Дома, как люди, они рождаются, живут, стареют, становятся ненужными. Их жильцы, как дети, покидающие своих родителей. И всё же, дома не люди, они не обладают способностью осмысливать события и рассуждать, зато наполнены воспоминаниями. Они живут жизнью людей их населявших и сохраняют память о них в каждом уголке, в каждом гвоздике, вбитом в стены.
Расположенность к рассуждениям свойственна только людям и она делит человечество на две неравные части – умных и глупых. Однако ни один глупый, не согласится с таким делением и создаётся видимость, что его нет, поскольку, последние, тоже берут на себя тяжкое бремя рассуждений. Добро бы эти рассуждения велись в одиночестве и не выносились на всеобщее обсуждение.
Увы, человек не был бы сам собой, если не поделился своими глубокомысленными выводами со всем человечеством. В результате, сплошь да рядом, люди, не обладающие ни полнотой информации, ни достаточными знаниями, выплёскивают итоги своих личных размышлений на ни в чём неповинных обывателей. В особенности сие свойственно тем, кто совершенно безосновательно, присваивает себе право быть рупором общественного мнения, причисляя себя к «тонкой прослойке интеллигенции». Им представляется, что они знают о предмете всё, что надо и даже больше и, как правило, негодуют по поводу любого решения, принимаемого власть предержащими. Такого уж свойство русского интеллигента и либерала. Хотя, где она сегодня, настоящая русская интеллигенция, с её высочайшей культурой, великолепным французским, знанием латыни и умением вести себя в обществе?
Дома не извергают тучи словесной пыли, по поводу принятого решения о его сносе, даже если в нём сто пятьдесят лет тому назад, бывал в гостях у хозяйки, Достоевский. Он, видимо, отдаёт себе отчёт, что если бы так поступали предки, то его и самого-то не было, а люди продолжали бы жить в трущобах, и тот же Достоевский, посещая хозяйку, распивал чаи при свете лучины в поставце.
Здания не тратили краску и кумач на лозунги, с которыми ходили по улицам Петербурга воители за сохранение исторической старины, с требованием не осуществлять реконструкцию гостиницы «Англетер», только потому, что считали необходимым оставить нетленным, номер, где расстался с жизнью великий поэт Есенин, а при реконструкции будет нарушена её историческая ценность.

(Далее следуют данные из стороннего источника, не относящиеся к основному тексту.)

lemma two_degenerate_ordering:
  assumes sg: "simple_graph V E" and td: "two_degenerate V E"
  obtains r :: "'a \<Rightarrow> nat" where "inj_on r V" "\<And>x. x \<in> V \<Longrightarrow> card (earlier E r x) \<le> 2"
proof -
  have "finite V"
    using sg by (simp add: simple_graph_def)
  then have "\<exists>r::'a \<Rightarrow> nat. inj_on r V \<and> (\<forall>z\<in>V. card {y\<in>V. {z, y} \<in> E \<and> r y < r z} \<le> 2)"
  proof (induction V rule: finite_remove_induct)
    case (remove W)
    obtain x where x: "x \<in> W" "card {y\<in>W. {x, y} \<in> E} \<le> 2"
      using two_degenerate_low_vertex[OF sg td remove(3,2)] by blast
    obtain r' :: "'a \<Rightarrow> nat" where r': "inj_on r' (W - {x})"
      "\<forall>z\<in>W - {x}. card {y\<in>W - {x}. {z, y} \<in> E \<and> r' y < r' z} \<le> 2"
      using remove.IH[OF x(1)] by blast
    \<comment> \<open>\<open>x\<close> goes last: its earlier neighbours are all its neighbours in \<open>W\<close>,
      and it is nobody's earlier neighbour\<close>
    define r where "r = r'(x := Suc (Max (r' ` (W - {x}))))"
    have x_last: "r' z < r x" if "z \<in> W - {x}" for z
      using that remove(1) by (simp add: r_def le_imp_less_Suc)
    have "inj_on r W"
      using r'(1) x_last unfolding inj_on_def by (metis DiffI fun_upd_other less_irrefl r_def singletonD)
    moreover have "card {y\<in>W. {z, y} \<in> E \<and> r y < r z} \<le> 2" if "z \<in> W" for z
    proof (cases "z = x")
      case True
      have "card {y\<in>W. {z, y} \<in> E \<and> r y < r z} \<le> card {y\<in>W. {x, y} \<in> E}"
        by (rule card_mono) (use remove(1) True in auto)
      then show ?thesis
        using x(2) by simp
    next
      case False
      then have "{y\<in>W. {z, y} \<in> E \<and> r y < r z} = {y\<in>W - {x}. {z, y} \<in> E \<and> r' y < r' z}"
        using that x_last[of z] by (auto simp: r_def)
      then show ?thesis
        using r'(2) that False by simp
    qed
    ultimately show ?case by blast
  qed simp
  then obtain r :: "'a \<Rightarrow> nat" where "inj_on r V" "\<forall>z\<in>V. card {y\<in>V. {z, y} \<in> E \<and> r y < r z} \<le> 2"
    by blast
  moreover have "{y\<in>V. {z, y} \<in> E \<and> r y < r z} = earlier E r z" for z
    using simple_graph_edge[OF sg] by (auto simp: earlier_def)
  ultimately show thesis
    using that by simp
qed

locale ordered_graph =
  fixes V :: "'a set" and E :: "'a set set" and r :: "'a \<Rightarrow> nat" and D :: nat
  assumes simple: "simple_graph V E"
    and inj: "inj_on r V"
    and card_earlier_le_2: "\<And>x. x \<in> V \<Longrightarrow> card (earlier E r x) \<le> 2"
    and degree_le: "\<And>x. x \<in> V \<Longrightarrow> degree E x \<le> D"
begin

lemma edge_vertices: "{x, y} \<in> E \<Longrightarrow> x \<in> V \<and> y \<in> V \<and> x \<noteq> y"
  using simple_graph_edge[OF simple] .

lemma edge_rank_neq: "{x, y} \<in> E \<Longrightarrow> r x \<noteq> r y"
  using edge_vertices inj by (auto simp: inj_on_def)

lemma edge_obtain_ordered:
  assumes "e \<in> E"
  obtains u v where "e = {u, v}" "r u < r v"
proof -
  obtain a b where ab: "e = {a, b}"
    using simple_graph_edge_obtain[OF simple assms] by blast
  then have "r a \<noteq> r b"
    using edge_rank_neq assms by simp
  then show thesis
    using that ab by (metis insert_commute linorder_neqE_nat)
qed

lemma finite_edges: "finite E"
  using simple_graph_finite_edges[OF simple] .

lemma finite_earlier: "finite (earlier E r x)"
  and finite_later: "finite (later E r x)"
  using simple_graph_finite_neighbours[OF simple, of x]
  by (auto simp: earlier_def later_def elim: rev_finite_subset)

lemma card_incident_le: "x \<in> V \<Longrightarrow> card (incident E x) \<le> D"
  using degree_le by (simp add: degree_def incident_def)

lemma card_earlier_later_le: "x \<in> V \<Longrightarrow> card (earlier E r x) + card (later E r x) \<le> D"
proof -
  assume "x \<in> V"
  have "card (earlier E r x) + card (later E r x) = card (earlier E r x \<union> later E r x)"
    by (rule card_Un_disjoint[symmetric, OF finite_earlier finite_later]) (auto simp: earlier_def later_def)
  also have "\<dots> \<le> card {y. {x, y} \<in> E}"
    by (rule card_mono[OF simple_graph_finite_neighbours[OF simple]]) (auto simp: earlier_def later_def)
  finally show ?thesis
    using simple_graph_card_neighbours[OF simple] degree_le \<open>x \<in> V\<close> by (metis le_trans)
qed

lemma card_earlier_edges_le:
  assumes "p \<in> earlier E r y"
  shows "card (earlier_edges E r y - {{y, p}}) \<le> 1"
proof -
  have "earlier_edges E r y - {{y, p}} = (\<lambda>z. {y, z}) ` (earlier E r y - {p})"
    by (auto simp: earlier_edges_def doubleton_eq_iff)
  then have "card (earlier_edges E r y - {{y, p}}) \<le> card (earlier E r y) - 1"
    using card_image_le[of "earlier E r y - {p}"] assms finite_earlier by simp
  moreover have "y \<in> V"
    using assms edge_vertices by (auto simp: earlier_def)
  ultimately show ?thesis
    using card_earlier_le_2 by fastforce
qed

lemma edge_at_later_vertex:
  assumes "{p, y} \<in> E" "r p < r y" "f \<in> E" "y \<in> f" "b \<in> f" "r b \<le> r p" "p \<notin> f"
  shows "f \<in> earlier_edges E r y - {{y, p}}"
proof -
  have "b \<noteq> y"
    using assms(2,6) by auto
  then have "f = {y, b}"
    using simple_graph_edge_eq[OF simple assms(3-5)] by simp
  then show ?thesis
    using assms by (auto simp: earlier_edges_def earlier_def)
qed

lemma conflicting_edges_cover:
  assumes e: "{u, v} \<in> E" "r u < r v"
  shows "{f\<in>E. f \<noteq> {u, v} \<and> conflicting E {u, v} f \<and> (\<exists>b\<in>f. r b \<le> r u)}
    \<subseteq> (incident E u - {{u, v}})
    \<union> (\<Union>w\<in>earlier E r v - {u}. incident E w)
    \<union> (\<Union>y\<in>later E r v. earlier_edges E r y - {{y, v}})
    \<union> (\<Union>x\<in>earlier E r u. incident E x - {{u, x}})
    \<union> (\<Union>y\<in>later E r u - {v}. earlier_edges E r y - {{y, u}})"
    (is "_ \<subseteq> ?A1 \<union> ?A2 \<union> ?A3 \<union> ?A4 \<union> ?A5")
proof
  fix f assume "f \<in> {f\<in>E. f \<noteq> {u, v} \<and> conflicting E {u, v} f \<and> (\<exists>b\<in>f. r b \<le> r u)}"
  then obtain b where f: "f \<in> E" "f \<noteq> {u, v}" "conflicting E {u, v} f" and b: "b \<in> f" "r b \<le> r u"
    by blast
  consider (at_u) "u \<in> f" | (at_v) "u \<notin> f" "v \<in> f" | (apart) "u \<notin> f" "v \<notin> f"
    by blast
  then show "f \<in> ?A1 \<union> ?A2 \<union> ?A3 \<union> ?A4 \<union> ?A5"
  proof cases
    case at_u
    then have "f \<in> ?A1"
      using f by (auto simp: incident_def)
    then show ?thesis by blast
  next
    case at_v
    have "b \<noteq> v"
      using b e by auto
    then have "f = {v, b}"
      using simple_graph_edge_eq[OF simple f(1) at_v(2) b(1)] by simp
    then have "b \<in> earlier E r v - {u}"
      using f(1) b e at_v(1) by (auto simp: earlier_def)
    then have "f \<in> ?A2"
      using f(1) b(1) by (auto simp: incident_def)
    then show ?thesis by blast
  next
    case apart
    then obtain p y where p: "p = u \<or> p = v" and y: "y \<in> f" "{p, y} \<in> E"
      using f(3) by (auto simp: conflicting_def)
    have "p \<notin> f"
      using p apart by auto
    consider (earlier_v) "p = v" "r y < r v" | (later_v) "p = v" "r v < r y"
      | (earlier_u) "p = u" "r y < r u" | (later_u) "p = u" "r u < r y"
      using p edge_rank_neq[OF y(2)] by (metis linorder_neqE_nat)
    then show ?thesis
    proof cases
      case earlier_v
      then have "f \<in> ?A2"
        using y f(1) apart by (auto simp: earlier_def incident_def)
      then show ?thesis by blast
    next
      case later_v
      then have "f \<in> ?A3"
        using edge_at_later_vertex[OF y(2) _ f(1) y(1) b(1)] y(2) b(2) e(2) \<open>p \<notin> f\<close>
        by (auto simp: later_def)
      then show ?thesis by blast
    next
      case earlier_u
      then have "f \<in> ?A4"
        using y f(1) \<open>p \<notin> f\<close> by (auto simp: earlier_def incident_def)
      then show ?thesis by blast
    next
      case later_u
      then have "f \<in> ?A5"
        using edge_at_later_vertex[OF y(2) _ f(1) y(1) b(1)] y b(2) \<open>p \<notin> f\<close> \<open>v \<notin> f\<close>
        by (auto simp: later_def)
      then show ?thesis by blast
    qed
  qed
qed
(* Let $P\subset\mathbb R^n$ be a bounded open convex set and $\mu$ Lebesgue measure. Then there exists a convex function $\phi\in L^1(P)$ with $\int_P\phi\,d\mu=0$ and $\inf_P\phi=-1$ (in particular $\phi\not\equiv 0$) such that $$-\frac{2}{n+1}\left(\frac{n}{n+1}\right)^n\inf_P\phi=\frac{1}{\mu(P)}\int_P|\phi|\,d\mu .$$
   Context: For every convex $\phi\in L^1(P)$ with $\int_P\phi\,d\mu=0$ one has $-\frac{2}{n+1}\left(\frac{n}{n+1}\right)^n\inf_P\phi\le\frac{1}{\mu(P)}\int_P|\phi|\,d\mu\le -2\inf_P\phi$; the claim asserts that the first of these inequalities is attained by a nonzero function. *)

theory Defs
  imports "HOL-Analysis.Analysis"
begin

end

theory Submission
  imports Defs
begin

text \<open>
  Fix \<open>x\<^sub>0 \<in> P\<close> and let \<open>g\<close> be the Minkowski gauge of \<open>P\<close> centred at \<open>x\<^sub>0\<close>. For \<open>s > 0\<close> the
  sublevel set \<open>{g < s}\<close> is the homothetic copy \<open>x\<^sub>0 + s (P - x\<^sub>0)\<close>; hence \<open>P = {g < 1}\<close>, \<open>g\<close> is
  convex, and \<open>g\<close> pushes the normalised Lebesgue measure on \<open>P\<close> forward to the density
  \<open>n s\<^sup>n\<^sup>-\<^sup>1\<close> on \<open>[0, 1]\<close>, so integrals over \<open>P\<close> of functions of \<open>g\<close> become one-dimensional.
  The extremal function is \<open>\<phi> = (n + 1)/n \<cdot> g - 1\<close>: it is convex, attains its infimum \<open>-1\<close> at \<open>x\<^sub>0\<close>,
  has mean \<open>0\<close>, and since it changes sign at level \<open>s\<^sub>0 = n/(n + 1)\<close>, its mean absolute value is
  \<open>2 s\<^sub>0\<^sup>n (1 - s\<^sub>0) = 2/(n + 1) (n/(n + 1))\<^sup>n\<close>.
\<close>

definition minkowski_gauge :: "'a::real_normed_vector set \<Rightarrow> 'a \<Rightarrow> 'a \<Rightarrow> real" where
  "minkowski_gauge P x0 x = Inf {t. 0 < t \<and> x0 + (1/t) *\<^sub>R (x - x0) \<in> P}"
lemma wscale_zero [simp]: "wscale c 0 = 0"
  by (simp add: wscale_eq_mult)

lemma wscale_add: "wscale c (P + Q) = wscale c P + wscale c Q"
  by (simp add: wscale_eq_mult distrib_left)

lemma wscale_diff: "wscale c (P - Q) = wscale c P - wscale c (Q :: 'a::field_char_0 wl)"
  by (simp add: wscale_eq_mult right_diff_distrib)

lemma wscale_single: "wscale c (mon k) = Poly_Mapping.single k c"
  by (simp add: wscale_eq_mult mult_single)

lemma keys_wscale: "Poly_Mapping.keys (wscale c P) \<subseteq> Poly_Mapping.keys P"
  unfolding wscale_def by transfer (auto simp: when_def)

definition weights_in :: "nat \<Rightarrow> int \<Rightarrow> int \<Rightarrow> rat set \<Rightarrow> 'a::zero wl \<Rightarrow> bool" where
  "weights_in l r s A P \<longleftrightarrow> wt l r s ` Poly_Mapping.keys P \<subseteq> A"

lemma weights_in_mono: "weights_in l r s A P \<Longrightarrow> A \<subseteq> B \<Longrightarrow> weights_in l r s B P"
  by (auto simp: weights_in_def)

lemma weights_in_zero [simp]: "weights_in l r s A 0"
  by (simp add: weights_in_def)

lemma weights_in_single: "wt l r s k \<in> A \<Longrightarrow> weights_in l r s A (Poly_Mapping.single k c)"
  by (simp add: weights_in_def)

lemma weights_in_add:
  "weights_in l r s A P \<Longrightarrow> weights_in l r s A Q \<Longrightarrow> weights_in l r s A (P + Q)"
  using keys_add[of P Q] unfolding weights_in_def by blast

lemma weights_in_sum:
  "(\<And>i. i \<in> I \<Longrightarrow> weights_in l r s A (f i)) \<Longrightarrow> weights_in l r s A (sum f I)"
  using keys_sum[of f I] unfolding weights_in_def by blast

lemma weights_in_wscale: "weights_in l r s A P \<Longrightarrow> weights_in l r s A (wscale c P)"
  using keys_wscale[of c P] unfolding weights_in_def by blast

lemma weights_in_mult:
  assumes "weights_in l r s A P" "weights_in l r s B Q"
    and "\<And>a b. a \<in> A \<Longrightarrow> b \<in> B \<Longrightarrow> a + b \<in> C"
  shows "weights_in l r s C (P * Q :: 'a::semiring_0 wl)"
proof -
  have "wt l r s (p + q) \<in> C" if "p \<in> Poly_Mapping.keys P" "q \<in> Poly_Mapping.keys Q" for p q
    using assms that by (auto simp: weights_in_def wt_add)
  then show ?thesis
    using keys_mult[of P Q] unfolding weights_in_def by blast
qed

lemma weights_in_power_atMost:
  "weights_in l r s {..c} Z \<Longrightarrow> weights_in l r s {..of_nat j * c} (Z ^ j :: 'a::comm_semiring_1 wl)"
proof (induction j)
  case (Suc j)
  have "weights_in l r s {..c + of_nat j * c} (Z ^ Suc j)"
    unfolding power_Suc
    by (rule weights_in_mult[OF Suc.prems Suc.IH[OF Suc.prems]]) (auto intro: add_mono)
  then show ?case
    by (rule weights_in_mono) (simp add: algebra_simps)
qed (simp add: weights_in_def)

lemma weights_in_power_singleton:
  "weights_in l r s {c} Z \<Longrightarrow> weights_in l r s {of_nat j * c} (Z ^ j :: 'a::comm_semiring_1 wl)"
proof (induction j)
  case (Suc j)
  have "weights_in l r s {c + of_nat j * c} (Z ^ Suc j)"
    unfolding power_Suc
    by (rule weights_in_mult[OF Suc.prems Suc.IH[OF Suc.prems]]) auto
  then show ?case
    by (rule weights_in_mono) (simp add: algebra_simps)
qed (simp add: weights_in_def)
(* Let $K\subseteq\mathbb{R}$ be a field that is an algebraic extension of $\mathbb{Q}$, and let $K^+=\{x\in K:x>0\}$. Then $K^+$ cannot be written as $H_1\sqcup H_2$ with $H_1,H_2$ disjoint nonempty subsets, each closed under addition and multiplication. *)

theory Defs
  imports Complex_Main "HOL-Computational_Algebra.Polynomial"
begin

definition real_subfield :: "real set \<Rightarrow> bool" where
  "real_subfield K \<longleftrightarrow> 0 \<in> K \<and> 1 \<in> K \<and>
     (\<forall>x\<in>K. \<forall>y\<in>K. x + y \<in> K \<and> x * y \<in> K) \<and>
     (\<forall>x\<in>K. - x \<in> K) \<and> (\<forall>x\<in>K. x \<noteq> 0 \<longrightarrow> inverse x \<in> K)"

definition add_mult_closed :: "real set \<Rightarrow> bool" where
  "add_mult_closed H \<longleftrightarrow> (\<forall>x\<in>H. \<forall>y\<in>H. x + y \<in> H \<and> x * y \<in> H)"

end

theory Submission
  imports Defs
begin

text \<open>Suppose \<open>K\<^sup>+ = H\<^sub>1 \<union> H\<^sub>2\<close> with \<open>1 \<in> H\<^sub>1\<close>. Both parts are stable under multiplication by
  positive rationals, so \<open>H\<^sub>1\<close> contains every positive rational. For \<open>x \<in> H\<^sub>2\<close> and rationals
  \<open>q < x < r\<close> we get \<open>r - x \<in> H\<^sub>1\<close>, \<open>x - q \<in> H\<^sub>2\<close> and hence \<open>w = (x - q) / (r - x) \<in> H\<^sub>2\<close>.
  If \<open>x\<close> is a simple root of a rational polynomial \<open>p\<close> of degree \<open>d\<close>, then \<open>w\<close> is a root of
  the rational polynomial \<open>P(t) = (1 + t)\<^sup>d p((q + r t) / (1 + t))\<close>. Expanding \<open>p\<close> around \<open>x\<close>
  shows that all non-constant coefficients of \<open>P\<close> are positive once \<open>q\<close> and \<open>r\<close> are close to
  \<open>x\<close> with \<open>r - x\<close> large compared to \<open>x - q\<close>. Then \<open>P(w) - P(0) = - P(0)\<close> lies in \<open>H\<^sub>2\<close>
  and is a positive rational, so it also lies in \<open>H\<^sub>1\<close>.\<close>

definition rational_coeffs :: "'a::field_char_0 poly \<Rightarrow> bool" where
  "rational_coeffs p \<longleftrightarrow> (\<forall>k. coeff p k \<in> \<rat>)"

lemma rational_coeffs_0 [simp]: "rational_coeffs 0"
  by (simp add: rational_coeffs_def)

lemma rational_coeffs_1 [simp]: "rational_coeffs 1"
  by (simp add: rational_coeffs_def)

lemma rational_coeffs_pCons: "a \<in> \<rat> \<Longrightarrow> rational_coeffs p \<Longrightarrow> rational_coeffs (pCons a p)"
  by (simp add: rational_coeffs_def coeff_pCons split: nat.split)

lemma rational_coeffs_mult:
  "rational_coeffs p \<Longrightarrow> rational_coeffs q \<Longrightarrow> rational_coeffs (p * q)"
  by (simp add: rational_coeffs_def coeff_mult Rats_sum)

lemma rational_coeffs_power: "rational_coeffs p \<Longrightarrow> rational_coeffs (p ^ n)"
  by (induction n) (simp_all add: rational_coeffs_mult)

lemma rational_coeffs_smult: "a \<in> \<rat> \<Longrightarrow> rational_coeffs p \<Longrightarrow> rational_coeffs (smult a p)"
  by (simp add: rational_coeffs_def)

lemma rational_coeffs_sum:
  "(\<And>i. i \<in> A \<Longrightarrow> rational_coeffs (f i)) \<Longrightarrow> rational_coeffs (\<Sum>i\<in>A. f i)"
  by (simp add: rational_coeffs_def coeff_sum Rats_sum)

lemma rational_coeffs_uminus: "rational_coeffs p \<Longrightarrow> rational_coeffs (- p)"
  by (simp add: rational_coeffs_def)

lemma rational_coeffs_pderiv: "rational_coeffs p \<Longrightarrow> rational_coeffs (pderiv p)"
  by (simp add: rational_coeffs_def coeff_pderiv)

lemma poly_eq_sum_atMost:
  fixes p :: "'a::comm_semiring_1 poly"
  assumes "degree p \<le> n"
  shows "poly p x = (\<Sum>i\<le>n. coeff p i * x ^ i)"
proof -
  have "poly p x = poly (\<Sum>i\<le>n. monom (coeff p i) i) x"
    using poly_as_sum_of_monoms'[OF assms] by simp
  then show ?thesis by (simp add: poly_sum poly_monom)
qed

lemma poly_eqI_cofinite:
  fixes p q :: "'a::{idom, ring_char_0} poly"
  assumes "finite F" and "\<And>t. t \<notin> F \<Longrightarrow> poly p t = poly q t"
  shows "p = q"
proof (rule ccontr)
  assume "p \<noteq> q"
  then have "finite {t. poly (p - q) t = 0}" by (intro poly_roots_finite) simp
  moreover have "UNIV \<subseteq> F \<union> {t. poly (p - q) t = 0}" using assms(2) by auto
  ultimately have "finite (UNIV :: 'a set)" using assms(1) by (metis finite_Un finite_subset)
  then show False by (simp add: infinite_UNIV_char_0)
qed

definition homog_pcompose :: "nat \<Rightarrow> 'a::comm_semiring_1 poly \<Rightarrow> 'a poly \<Rightarrow> 'a poly \<Rightarrow> 'a poly" where
  "homog_pcompose d p A B = (\<Sum>i\<le>d. smult (coeff p i) (A ^ i * B ^ (d - i)))"

lemma poly_homog_pcompose:
  fixes p A B :: "'a::field poly"
  assumes "degree p \<le> d" and "poly B t \<noteq> 0"
  shows "poly (homog_pcompose d p A B) t = poly B t ^ d * poly p (poly A t / poly B t)"
proof -
  let ?a = "poly A t" and ?b = "poly B t"
  have "poly (homog_pcompose d p A B) t = (\<Sum>i\<le>d. coeff p i * ?a ^ i * ?b ^ (d - i))"
    by (simp add: homog_pcompose_def poly_sum mult.assoc)
  also have "\<dots> = (\<Sum>i\<le>d. ?b ^ d * (coeff p i * (?a / ?b) ^ i))"
  proof (rule sum.cong)
    fix i assume "i \<in> {..d}"
    then have "?b ^ i * ?b ^ (d - i) = ?b ^ d" by (simp flip: power_add)
    then show "coeff p i * ?a ^ i * ?b ^ (d - i) = ?b ^ d * (coeff p i * (?a / ?b) ^ i)"
      using assms(2) by (simp add: field_simps)
  qed simp
  also have "\<dots> = ?b ^ d * poly p (?a / ?b)"
    by (simp add: poly_eq_sum_atMost[OF assms(1)] sum_distrib_left)
  finally show ?thesis .
qed
(* Let $G=Z_{2^{\lambda_1}}\times\cdots\times Z_{2^{\lambda_n}}$ with $\lambda_1\le\cdots\le\lambda_n$. The lattice of characteristic subgroups of $G$ is distributive if and only if every characteristic subgroup of $G$ is regular.
   Context: Tuples are ordered componentwise; for $\mathbf a$ with $\mathbf 0\le\mathbf a\le(\lambda_1,\dots,\lambda_n)$, $T(\mathbf a)$ is the set of $(g_1,\dots,g_n)\in G$ with $|g_i|=2^{a_i}$ for all $i$, and $R(\mathbf a)=\bigcup_{\mathbf b\le\mathbf a}T(\mathbf b)$. A subgroup is regular if it equals $R(\mathbf a)$ for some such tuple $\mathbf a$. *)

theory Defs
  imports "HOL-Algebra.Algebra"
begin

text \<open>The group G = Z_{2^lam_0} x ... x Z_{2^lam_(n-1)} (indices shifted to 0..n-1),
  as the product of the additive groups of integers modulo 2^lam_i.\<close>
definition cyc2 :: "(nat \<Rightarrow> nat) \<Rightarrow> nat \<Rightarrow> int monoid" where
  "cyc2 lam i = integer_mod_group (2 ^ lam i)"

definition Gtuple :: "nat \<Rightarrow> (nat \<Rightarrow> nat) \<Rightarrow> (nat \<Rightarrow> int) monoid" where
  "Gtuple n lam = product_group {0..<n} (cyc2 lam)"

definition Tset :: "nat \<Rightarrow> (nat \<Rightarrow> nat) \<Rightarrow> (nat \<Rightarrow> nat) \<Rightarrow> (nat \<Rightarrow> int) set" where
  "Tset n lam a = {g \<in> carrier (Gtuple n lam).
      \<forall>i<n. group.ord (cyc2 lam i) (g i) = 2 ^ a i}"

definition Rset :: "nat \<Rightarrow> (nat \<Rightarrow> nat) \<Rightarrow> (nat \<Rightarrow> nat) \<Rightarrow> (nat \<Rightarrow> int) set" where
  "Rset n lam a = \<Union> {Tset n lam b | b. \<forall>i<n. b i \<le> a i}"

definition regular_subgroup :: "nat \<Rightarrow> (nat \<Rightarrow> nat) \<Rightarrow> (nat \<Rightarrow> int) set \<Rightarrow> bool" where
  "regular_subgroup n lam H \<longleftrightarrow>
     (\<exists>a. (\<forall>i<n. a i \<le> lam i) \<and> H = Rset n lam a)"

definition characteristic :: "'a set \<Rightarrow> ('a, 'b) monoid_scheme \<Rightarrow> bool" where
  "characteristic H G \<longleftrightarrow> subgroup H G \<and> (\<forall>\<phi>\<in>auto G. \<phi> ` H = H)"

definition char_lattice_distributive :: "('a, 'b) monoid_scheme \<Rightarrow> bool" where
  "char_lattice_distributive G \<longleftrightarrow>
     (\<forall>A B C. characteristic A G \<and> characteristic B G \<and> characteristic C G \<longrightarrow>
        A \<inter> generate G (B \<union> C) = generate G ((A \<inter> B) \<union> (A \<inter> C)))"

end

theory Submission
  imports Defs
begin

text \<open>
  The regular subgroups are the sets R(a) = {g. 2^(a i) * g i = 0 for all i}, and
  R(a) \<inter> R(b) = R(min a b), \<langle>R(a) \<union> R(b)\<rangle> = R(max a b). So if every characteristic subgroup is
  regular, the lattice of characteristic subgroups is a sublattice of (\<nat>^n, min, max), hence
  distributive.

  Conversely, a subgroup H is regular as soon as it contains, with each of its elements h, every
  element single_coord i (h i) supported on one coordinate: a subgroup of a cyclic 2-group contains
  every element whose order is at most that of one of its elements. Suppose H is characteristic,
  h \<in> H, single_coord i (h i) \<notin> H, and let 2^m be the order of h i; then every element of H
  supported on coordinate i has order less than 2^m. The transvections adding 2^(lam k - lam j)
  times the j-th coordinate to the k-th are automorphisms, so H is closed under moving components
  between coordinates. This yields characteristic regular subgroups R(e), R(c) with
  h \<in> R(max e c), e i < m and c i = m. Distributivity splits h = u + v with u \<in> H \<inter> R(e) and
  v \<in> H \<inter> R(c); then v i has order 2^m and dominates the other components of v, and moving
  components puts single_coord k (v k) into H, first for k \<noteq> i and then for k = i:
  a contradiction.
\<close>

section \<open>Exponents of orders in the integers modulo 2^l\<close>

definition ord_exp :: "nat \<Rightarrow> int \<Rightarrow> nat" where
  "ord_exp l y = (LEAST t. (2::int) ^ l dvd 2 ^ t * y)"

lemma ord_exp_le_iff: "ord_exp l y \<le> t \<longleftrightarrow> (2::int) ^ l dvd 2 ^ t * y"
proof
  have "(2::int) ^ l dvd 2 ^ l * y" by simp
  then have "(2::int) ^ l dvd 2 ^ ord_exp l y * y"
    unfolding ord_exp_def by (rule LeastI)
  moreover assume "ord_exp l y \<le> t"
  then have "(2::int) ^ t * y = 2 ^ (t - ord_exp l y) * (2 ^ ord_exp l y * y)"
    by (simp flip: power_add)
  ultimately show "(2::int) ^ l dvd 2 ^ t * y"
    by (metis dvd_mult)
qed (simp add: ord_exp_def Least_le)

lemma pow_ord_exp_dvd: "(2::int) ^ l dvd 2 ^ ord_exp l y * y"
  using ord_exp_le_iff by blast

lemma ord_exp_le: "ord_exp l y \<le> l"
  by (simp add: ord_exp_le_iff)

lemma ord_exp_mod [simp]: "ord_exp l (y mod 2 ^ l) = ord_exp l y"
proof -
  have "ord_exp l (y mod 2 ^ l) \<le> t \<longleftrightarrow> ord_exp l y \<le> t" for t
    unfolding ord_exp_le_iff by (simp add: dvd_eq_mod_eq_0 mod_mult_right_eq)
  from this[of "ord_exp l y"] this[of "ord_exp l (y mod 2 ^ l)"] show ?thesis
    by simp
qed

Кто рассудит, кто прав, а кто нет, как взвесить и на каких весах, что важнее –спрямить улицу и развязать транспортный поток, или сохранить дом, построенный в Москве после пожара 1812 г. Люди протестуют против строительства предприятия именно в этом месте, только потому, что у них меняется вид из окна, и совершенно не думают о сотнях безработных в городе. А ведь рядом есть сырьё для переработки и надо построить завод, чтобы дать работу этим сотням, но, при этом сломать дом.
Дома молчат, наверно понимая, что надо уступать дорогу молодым, что жизнь городов требует новых, порой неприятных для ценителей старины, решений, но такова уж, как говорится «суровая проза» жизни. А ведь им тоже не хочется уходить из неё. Вот и наш дом, когда-то стоявший вместе со своими братьями, возвышаясь над всеми на небольшом холме, оказался как заблудившийся ребёнок в толпе взрослых, в окружении бетонных пятиэтажек, обступивших его со всех сторон, молчал, хотя и страдал под ударами топоров и ломов.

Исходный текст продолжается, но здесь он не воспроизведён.